== Data for this exercise ==
theorem theorem1:
  fixes lam beta :: real
    and Z :: "'v::finite \<Rightarrow> real^'m::finite^'n::finite"
    and T :: "'v \<Rightarrow> real^'m^'m"
    and H :: "real^'m^'n"
    and \<alpha> :: "real^'v"
  assumes "lam > 0" and "beta > 0"
    and "\<And>v. Z v \<in> row_stoch"
    and "\<And>v. transpose (T v) ** T v = mat 1"
    and "\<And>i j. 0 \<le> H$i$j"
    and "\<And>v. 0 \<le> \<alpha>$v" and "(\<Sum>v\<in>UNIV. \<alpha>$v) = 1"
  shows "(\<exists>!P. P \<in> row_stoch \<and>
              inner_obj lam beta Z T H \<alpha> P = hfun lam beta Z T H \<alpha>)
         \<and> hfun lam beta Z T H differentiable (at \<alpha>)
         \<and> (\<forall>Pstar. Pstar \<in> row_stoch \<and>
                 inner_obj lam beta Z T H \<alpha> Pstar = hfun lam beta Z T H \<alpha> \<longrightarrow>
               (hfun lam beta Z T H has_derivative
                  (\<lambda>d. \<Sum>v\<in>UNIV. d$v *
                     (2 * lam * \<alpha>$v * trace (transpose Pstar ** (Z v ** T v))))) (at \<alpha>))"
proof -
  let ?L = "obj_coeff lam Z T H \<alpha>"
  obtain P where P: "P \<in> row_stoch" "\<And>X. X \<in> row_stoch \<Longrightarrow> quad_obj beta ?L X \<le> quad_obj beta ?L P"
    using quad_obj_maximizer_exists[OF compact_row_stoch row_stoch_nonempty] by blast
  have hfun_P: "hfun lam beta Z T H \<alpha> = inner_obj lam beta Z T H \<alpha> P"
    by (simp add: hfun_eq_quad_envelope inner_obj_eq_quad_obj quad_envelope_eq_maximum[OF P])
  have maximizer_iff: "Q \<in> row_stoch \<and> inner_obj lam beta Z T H \<alpha> Q = hfun lam beta Z T H \<alpha> \<longleftrightarrow> Q = P"
    for Q
    using quad_obj_maximizer_unique[OF convex_row_stoch assms(2) P(1) _ P(2)] P(1) hfun_P
    by (auto simp: inner_obj_eq_quad_obj)
  have "(hfun lam beta Z T H has_derivative
      (\<lambda>d. (lam *\<^sub>R (\<Sum>v\<in>UNIV. (2 * \<alpha>$v * d$v) *\<^sub>R (Z v ** T v))) \<bullet> P)) (at \<alpha>)"
    unfolding hfun_eq_quad_envelope[abs_def]
    by (rule has_derivative_compose[OF obj_coeff_has_derivative
          quad_envelope_has_derivative[OF compact_row_stoch convex_row_stoch assms(2) P]])
  moreover have "(lam *\<^sub>R (\<Sum>v\<in>UNIV. (2 * \<alpha>$v * d$v) *\<^sub>R (Z v ** T v))) \<bullet> P
      = (\<Sum>v\<in>UNIV. d$v * (2 * lam * \<alpha>$v * trace (transpose P ** (Z v ** T v))))" for d
    by (simp add: inner_sum_left sum_distrib_left trace_transpose_mult_eq_inner inner_commute[of P] algebra_simps)
  ultimately show ?thesis
    using maximizer_iff by (auto intro: differentiableI)
qed

end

== Problem description ==
Show the lines of the entries that include the string "simp", copying each in full.

== Result ==
    by (simp add: hfun_eq_quad_envelope inner_obj_eq_quad_obj quad_envelope_eq_maximum[OF P])
    by (auto simp: inner_obj_eq_quad_obj)
    by (simp add: inner_sum_left sum_distrib_left trace_transpose_mult_eq_inner inner_commute[of P] algebra_simps)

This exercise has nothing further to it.